Thu Nov 23 2023

Social isolation, loneliness, and inflammation: A multi-cohort investigation in early and mid-adulthood

Background: A meta-analysis reveals a 25–30% increased risk of mortality associated with social isolation, loneliness, and living alone (Holt-Lunstad et al., 2015). According to Cacioppo et al. (2006), loneliness, a negative emotional state stemming from perceived social relationship deficiencies, may adaptively respond to social disconnection, preparing individuals for unsafe environments without family and friends’ support. This hypothesis posits that loneliness could alter immune functioning, potentially boosting an individual’s infection-fighting capacity following injury.

Methods: The study involved three cohorts: TRIAGE, Dunedin, and Environmental Risk Longitudinal Twin. Researchers assessed social isolation and loneliness via factors such as living alone and childhood isolation. They measured inflammation using markers like CRP, IL-6, and suPAR, which indicate systemic inflammation.

Results: The study answered 4 questions:

  • Is living alone associated with inflammation in acutely admitted medical patients?

In the TRIAGE Study, acutely admitted medical patients who were living alone had significantly higher median levels of CRP (5.8 mg/L vs. 4.8 mg/L), IL-6 (9.3 pg/mL vs. 7.3 pg/mL), and suPAR (5.2 ng/mL vs. 4.2 ng/mL) compared with patients who were not living by themselves.

  • Is childhood social isolation longitudinally associated with inflammation in adulthood?

Participants who had experienced childhood social isolation or age-38 loneliness had higher CRP, IL-6, and suPAR at age 45, after controlling for sex (and age by design). The associations between childhood social isolation or age-38 loneliness with elevated age-45 suPAR held after controlling for childhood SES, and age-45 BMI, smoking, concurrent depression, and anti-inflammatory medication. In contrast to suPAR, childhood social isolation or age-38 loneliness were not significantly associated with age-45 CRP or IL-6 levels when controlling for age-45 BMI and smoking or further for additional covariates.

  • Is adult loneliness cross-sectionally associated with inflammation?

After controlling for sex, participants who were lonelier at age 45 had higher suPAR levels at age 45, but not CRP or IL-6. The association with suPAR remained significant after controlling for childhood SES, and age-45 BMI, smoking, and concurrent depression. Further controlling for use of anti-inflammatory medication did not change any of the results.

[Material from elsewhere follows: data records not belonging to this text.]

(* Let $k$ be a positive integer and $\alpha \in (0,1]$. If $\frac{\alpha}{1 - \ln \alpha} \geq \frac{2}{k + 1}$, then in any election there exists an $\alpha$-undominated committee of size $k$.
   Context: An election consists of a finite set $V$ of $n$ voters, a finite set $C$ of $m$ candidates, and for each voter $v$ a strict linear order $\succ_v$ on $C$ (her preference ranking). A committee is a subset $S \subseteq C$. For a candidate $a$ and committee $S$, write $a \succ_v S$ if $v$ prefers $a$ to every member of $S$, and let $\frac1n|a \succ S| = \frac1n|\{v \in V : a \succ_v S\}|$ (this is $0$ if $a \in S$). A committee $S$ is $\alpha$-undominated if for every candidate $a \in C$, $\frac1n|a \succ S| < \alpha$. *)

theory Defs
  imports Complex_Main
begin

text \<open>An election: finite nonempty voter set V, finite candidate set C, and for each
voter v a strict linear order on C, given by pref v a b meaning that v prefers a to b.\<close>

definition strict_linear_order_on :: "'c set \<Rightarrow> ('c \<Rightarrow> 'c \<Rightarrow> bool) \<Rightarrow> bool" where
  "strict_linear_order_on C r \<longleftrightarrow>
     (\<forall>a\<in>C. \<not> r a a) \<and>
     (\<forall>a\<in>C. \<forall>b\<in>C. \<forall>c\<in>C. r a b \<longrightarrow> r b c \<longrightarrow> r a c) \<and>
     (\<forall>a\<in>C. \<forall>b\<in>C. a \<noteq> b \<longrightarrow> r a b \<or> r b a)"

definition election :: "'v set \<Rightarrow> 'c set \<Rightarrow> ('v \<Rightarrow> 'c \<Rightarrow> 'c \<Rightarrow> bool) \<Rightarrow> bool" where
  "election V C pref \<longleftrightarrow> finite V \<and> V \<noteq> {} \<and> finite C \<and>
     (\<forall>v\<in>V. strict_linear_order_on C (pref v))"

  • Do social isolation and loneliness have a multiplicative effect?

No significant social isolation × loneliness interactions were observed for the three inflammation markers, in either the Dunedin or the E-Risk samples.

Conclusions

This study explored how social isolation and loneliness affect inflammation across different age groups and cohorts. Findings show a stronger link between social isolation and inflammation than loneliness. Childhood social isolation’s impact on inflammation becomes clearer in mid-adulthood. The study suggests suPAR as a reliable indicator of inflammation due to social isolation.